In the fullness of time, because of our “happy fault”, Jesus died so that we could become members of his body and be more closely united to God when we are raised after our deaths – a gift even greater than the undying bodily life which could have been given to the first human.
Is it sinful to have sex even within marriage?
Discussions about “Original Sin” often get caught up with a very old idea that there’s something inherently sinful about the way babies are made within marriage. This in itself confuses original sin (which is a status) with the question of whether it’s a sinful act to conceive a child. But in any case, the idea that marital sex is sinful was never an official doctrine of the Church. Marriage between two Christians is a sacrament, and St John Paul II pointed us towards the idea that the bed of a married couple is a holy altar on which this sacrament reaches its consummation – a sacred moment indeed.
Do unbaptised babies go to heaven?
It’s a doctrine that infants who die before being baptised don’t deserve to go to heaven. But it is only an opinion suggested by scholars that God holds these souls in a place called Limbo which isn’t quite as happy as heaven. Pope Benedict XVI asked some top theologians to look again at this teaching and in 2007, their report said that we can believe that God does admit unbaptised children to heaven, but does so as an undeserved gift.
This case gives us a good example of how carefully we must express the Church’s teaching. Pope Innocent III taught that “the punishment for original sin is the loss of the beatific vision” – in other words, every human being born into our sinful race, because they belong to a sinful race, is not automatically entitled to go to heaven. It sounds like Pope Innocent III was saying that unbaptised babies couldn’t go to heaven. But the statement also leaves room to say that even though they are not entitled to it, God admits them to heaven as an undeserved gift, an act of mercy, a grace. In this Year of Mercy, perhaps we can comfort someone who has lost a child with the idea that the Church trusts in God’s mercy towards infant souls.

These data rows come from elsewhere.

(* Let $(X,\alpha,T)$ be a dynamical system with $T=\mathbb{Z}$ or $T=\mathbb{R}$ acting by homeomorphisms on a compact metrizable space $X$. Then $\mathcal M=\mathcal M^+\cup\mathcal M^-$, and $\mathcal M^+$ and $\mathcal M^-$ are left ideals of $E$.
   Context: $\alpha^t$ are homeomorphisms with $\alpha^{s+t}=\alpha^s\circ\alpha^t$, $\alpha^0=\mathrm{id}$. $E$ is the closure of $\{\alpha^t:t\in T\}$ in $X^X$ (pointwise convergence topology, composition), $E^+$ and $E^-$ the closures of $\{\alpha^t: t\ge0\}$ and $\{\alpha^t:t\le0\}$. $\mathcal M$, $\mathcal M^+$, $\mathcal M^-$ denote the kernels (unique minimal two-sided ideals) of $E$, $E^+$, $E^-$. A left ideal of $S$ is a non-empty $I\subset S$ with $SI\subset I$. *)

theory Defs
  imports "HOL-Analysis.Analysis"
begin

text \<open>The time group T is a type 't (instantiated below with int and real).
  The flow is alpha :: 't => 'x => 'x; X is the whole type 'x.
  X^X carries the product (pointwise convergence) topology, which is the
  library's topology on function types (Function_Topology).\<close>

definition dyn_system :: "('t::{topological_space, ab_group_add} \<Rightarrow> 'x::topological_space \<Rightarrow> 'x) \<Rightarrow> bool" where
  "dyn_system \<alpha> \<longleftrightarrow>
     (\<forall>t. \<exists>g. homeomorphism UNIV UNIV (\<alpha> t) g) \<and>
     (\<forall>s t. \<alpha> (s + t) = \<alpha> s \<circ> \<alpha> t) \<and>
     \<alpha> 0 = id \<and>
     continuous_on UNIV (\<lambda>(t, x). \<alpha> t x)"

definition env :: "('t \<Rightarrow> 'x \<Rightarrow> 'x::topological_space) \<Rightarrow> ('x \<Rightarrow> 'x) set" where
  "env \<alpha> = closure (range \<alpha>)"

definition env_plus :: "('t::{ord,zero} \<Rightarrow> 'x \<Rightarrow> 'x::topological_space) \<Rightarrow> ('x \<Rightarrow> 'x) set" where
  "env_plus \<alpha> = closure (\<alpha> ` {t. 0 \<le> t})"

definition env_minus :: "('t::{ord,zero} \<Rightarrow> 'x \<Rightarrow> 'x::topological_space) \<Rightarrow> ('x \<Rightarrow> 'x) set" where
  "env_minus \<alpha> = closure (\<alpha> ` {t. t \<le> 0})"

definition left_ideal :: "('x \<Rightarrow> 'x) set \<Rightarrow> ('x \<Rightarrow> 'x) set \<Rightarrow> bool" where
  "left_ideal S I \<longleftrightarrow> I \<noteq> {} \<and> I \<subseteq> S \<and> (\<forall>p\<in>S. \<forall>q\<in>I. p \<circ> q \<in> I)"

definition right_ideal :: "('x \<Rightarrow> 'x) set \<Rightarrow> ('x \<Rightarrow> 'x) set \<Rightarrow> bool" where
  "right_ideal S I \<longleftrightarrow> I \<noteq> {} \<and> I \<subseteq> S \<and> (\<forall>p\<in>S. \<forall>q\<in>I. q \<circ> p \<in> I)"

definition two_sided_ideal :: "('x \<Rightarrow> 'x) set \<Rightarrow> ('x \<Rightarrow> 'x) set \<Rightarrow> bool" where
  "two_sided_ideal S I \<longleftrightarrow> left_ideal S I \<and> right_ideal S I"

definition kernel_sg :: "('x \<Rightarrow> 'x) set \<Rightarrow> ('x \<Rightarrow> 'x) set" where
  "kernel_sg S = (THE K. two_sided_ideal S K \<and>
      (\<forall>J. two_sided_ideal S J \<and> J \<subseteq> K \<longrightarrow> J = K))"

end

(*
  The enveloping semigroup E is compact, composition is continuous in the left factor, and
  every \<alpha>\<^sup>t commutes with every element of E.  If L is a minimal left ideal of E\<^sup>+ and q \<in> L,
  then L = E\<^sup>+ q; for t < 0 this gives q = r \<alpha>\<^sup>-\<^sup>t q with r \<in> E\<^sup>+, hence \<alpha>\<^sup>t q = r q \<in> L.  So the
  closed set L is invariant under the dense set of all \<alpha>\<^sup>t and therefore under E: minimal left
  ideals of E\<^sup>+ are minimal left ideals of E.  Conversely, a minimal left ideal of E meets
  E\<^sup>+ or E\<^sup>- (as E = E\<^sup>+ \<union> E\<^sup>-), and if q lies in it and in E\<^sup>+, it equals L\<^sub>0 q for some
  minimal left ideal L\<^sub>0 of E\<^sup>+.  The kernel of each of these compact semigroups is the union
  of its minimal left ideals, and time reversal exchanges E\<^sup>+ and E\<^sup>-.
*)

theory Submission
  imports Defs
begin

section \<open>Self-maps with the topology of pointwise convergence\<close>

lemma compact_UNIV_fun:
  assumes "compact (UNIV :: 'x::topological_space set)"
  shows "compact (UNIV :: ('a \<Rightarrow> 'x) set)"
  using assms compact_space_product_topology[of "\<lambda>_::'a. euclidean :: 'x topology" UNIV]
  by (simp add: compact_space_def euclidean_product_topology)

lemma Hausdorff_space_euclidean_t2: "Hausdorff_space (euclidean :: 'x::t2_space topology)"
  unfolding Hausdorff_space_def disjnt_def by (simp add: separation_t2)

lemma compact_imp_closed_fun:
  fixes K :: "('a \<Rightarrow> 'x::t2_space) set"
  assumes "compact K"
  shows "closed K"
proof -
  have "Hausdorff_space (product_topology (\<lambda>_::'a. euclidean :: 'x topology) UNIV)"
    unfolding Hausdorff_space_product_topology using Hausdorff_space_euclidean_t2 by blast
  then have "Hausdorff_space (euclidean :: ('a \<Rightarrow> 'x) topology)"
    by (simp only: euclidean_product_topology)
  moreover have "compactin euclidean K"
    using assms by simp
  ultimately have "closedin euclidean K"
    by (rule compactin_imp_closedin)
  then show ?thesis
    by (simp only: closed_closedin)
qed

lemma continuous_on_comp_right: "continuous_on A (\<lambda>p::'a \<Rightarrow> 'b::topological_space. p \<circ> q)"
  unfolding o_def
  by (rule continuous_on_coordinatewise_then_product,
      rule continuous_on_subset[OF continuous_on_product_coordinates]) simp

lemma continuous_on_comp_left:
  assumes "continuous_on UNIV (f :: 'b::topological_space \<Rightarrow> 'c::topological_space)"
  shows "continuous_on A (\<lambda>p::'a \<Rightarrow> 'b. f \<circ> p)"
proof (rule continuous_on_coordinatewise_then_product)
  show "continuous_on A (\<lambda>p::'a \<Rightarrow> 'b. (f \<circ> p) i)" for i
    unfolding o_def
    by (rule continuous_on_compose2[OF assms
          continuous_on_subset[OF continuous_on_product_coordinates subset_UNIV]]) auto
qed

lemma compact_chain_Inter_nonempty:
  assumes "compact S" "C \<noteq> {}"
    and closed: "\<And>A. A \<in> C \<Longrightarrow> closed A \<and> A \<noteq> {} \<and> A \<subseteq> S"
    and total: "\<And>A B. A \<in> C \<Longrightarrow> B \<in> C \<Longrightarrow> A \<subseteq> B \<or> B \<subseteq> A"
  shows "\<Inter>C \<noteq> {}"
proof -
  have fip: "S \<inter> \<Inter>B \<noteq> {}" if "finite B" "B \<subseteq> C" for B
  proof (cases "B = {}")
    case True
    obtain A where "A \<in> C" using \<open>C \<noteq> {}\<close> by blast
    then show ?thesis using True closed[of A] by auto
  next
    case False
    have "subset.chain C B"
      using total \<open>B \<subseteq> C\<close> unfolding subset_chain_def by (meson subsetD)
    with \<open>finite B\<close> False have "\<Inter>B \<in> B" by (rule Inter_in_chain)
    then have "\<Inter>B \<in> C" using \<open>B \<subseteq> C\<close> ..
    then show ?thesis using closed[of "\<Inter>B"] by (simp add: Int_absorb1)
  qed
  have "S \<inter> \<Inter>C \<noteq> {}"
  proof (rule compact_imp_fip[OF \<open>compact S\<close>])
    show "closed A" if "A \<in> C" for A
      using closed that by blast
  qed (rule fip)
  then show ?thesis by blast
qed

lemma compact_exists_minimal_closed:
  assumes "compact S" "F \<noteq> {}"
    and closed: "\<And>A. A \<in> F \<Longrightarrow> closed A \<and> A \<noteq> {} \<and> A \<subseteq> S"
    and Inter_chain: "\<And>C. C \<noteq> {} \<Longrightarrow> subset.chain F C \<Longrightarrow> \<Inter>C \<noteq> {} \<Longrightarrow> \<Inter>C \<in> F"
  shows "\<exists>M\<in>F. \<forall>A\<in>F. A \<subseteq> M \<longrightarrow> A = M"
proof (rule predicate_Zorn)
  show "partial_order_on F (relation_of (\<lambda>A B. B \<subseteq> A) F)"
    by (rule partial_order_on_relation_ofI) auto
next
  fix C assume "C \<in> Chains (relation_of (\<lambda>A B. B \<subseteq> A) F)"
  then have chain: "subset.chain F C"
    by (auto simp: Chains_def relation_of_def subset_chain_def)
  show "\<exists>U\<in>F. \<forall>A\<in>C. U \<subseteq> A"
  proof (cases "C = {}")
    case True
    then show ?thesis using \<open>F \<noteq> {}\<close> by blast
  next
    case False
    have "\<Inter>C \<noteq> {}"
      using chain closed
      by (intro compact_chain_Inter_nonempty[OF \<open>compact S\<close> False]) (auto simp: subset_chain_def)
    then show ?thesis using Inter_chain[OF False chain] by blast
  qed
qed

section \<open>Minimal left ideals of semigroups of self-maps\<close>

definition comp_closed :: "('x \<Rightarrow> 'x) set \<Rightarrow> bool" where
  "comp_closed S \<longleftrightarrow> (\<forall>p\<in>S. \<forall>q\<in>S. p \<circ> q \<in> S)"

definition min_left_ideal :: "('x \<Rightarrow> 'x) set \<Rightarrow> ('x \<Rightarrow> 'x) set \<Rightarrow> bool" where
  "min_left_ideal S L \<longleftrightarrow> left_ideal S L \<and> (\<forall>L'. left_ideal S L' \<and> L' \<subseteq> L \<longrightarrow> L' = L)"

lemma left_ideal_self: "comp_closed S \<Longrightarrow> S \<noteq> {} \<Longrightarrow> left_ideal S S"
  unfolding comp_closed_def left_ideal_def by blast

lemma left_ideal_subsemigroup:
  assumes "left_ideal S L" "S' \<subseteq> S" "L \<subseteq> S'"
  shows "left_ideal S' L"
  using assms unfolding left_ideal_def by blast

lemma left_ideal_image_comp_right:
  assumes "comp_closed S" "left_ideal S L" "q \<in> S"
  shows "left_ideal S ((\<lambda>l. l \<circ> q) ` L)"
  unfolding left_ideal_def
proof (intro conjI ballI)
  show "(\<lambda>l. l \<circ> q) ` L \<noteq> {}" "(\<lambda>l. l \<circ> q) ` L \<subseteq> S"
    using assms unfolding comp_closed_def left_ideal_def by auto
  fix p r assume "p \<in> S" "r \<in> (\<lambda>l. l \<circ> q) ` L"
  then obtain l where "l \<in> L" "r = l \<circ> q" by blast
  moreover have "p \<circ> l \<in> L" using \<open>p \<in> S\<close> \<open>l \<in> L\<close> assms(2) unfolding left_ideal_def by blast
  ultimately show "p \<circ> r \<in> (\<lambda>l. l \<circ> q) ` L" by (auto simp: o_assoc)
qed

The only reason we can’t give a 100% cast-iron guarantee that unbaptised babies go to heaven is that neither the Bible nor the Tradition going back to the Apostles says anything definite on the matter – we can only extrapolate from our general knowledge of God’s love and mercy. Meanwhile, it’s right and proper that we do present our babies to be baptised because God wants us to work with him in the work of redeeming the world; every time we celebrate a sacrament, we do things God’s way, and heaven rejoices.
Yes, we were born tainted by Original Sin. No, the act by which we were conceived was not intrinsically sinful. Yes, our bodies will die.
It was never logically coherent to blame Original Sin as the sole reason why we commit actual sins, but our modern scientific knowledge is beginning to allow a much more detailed consideration of how genetics shape human behaviour.
Empirical evidence rules out the idea that death (of plants and animals) only takes place because of the first human sin, and positing that the human body is meant to be intrinsically immortal is highly implausible.
Over the centuries, particularly concerning unbaptised babies, the Catholic Church has carefully nuanced its teaching so that statements which seemed to point in one direction are now taken as pointing in another. The very concept of Original Sin is therefore reduced to a status which a person acquires at conception and loses by baptism, but which has very little practical consequence when distinguished from concupiscence.
Born Bad? No – we are made in God’s image and Genesis assures us that we are very good.
Born imperfect? Yes – but we are invited by a merciful God to walk the path of the sacraments all the way to heaven.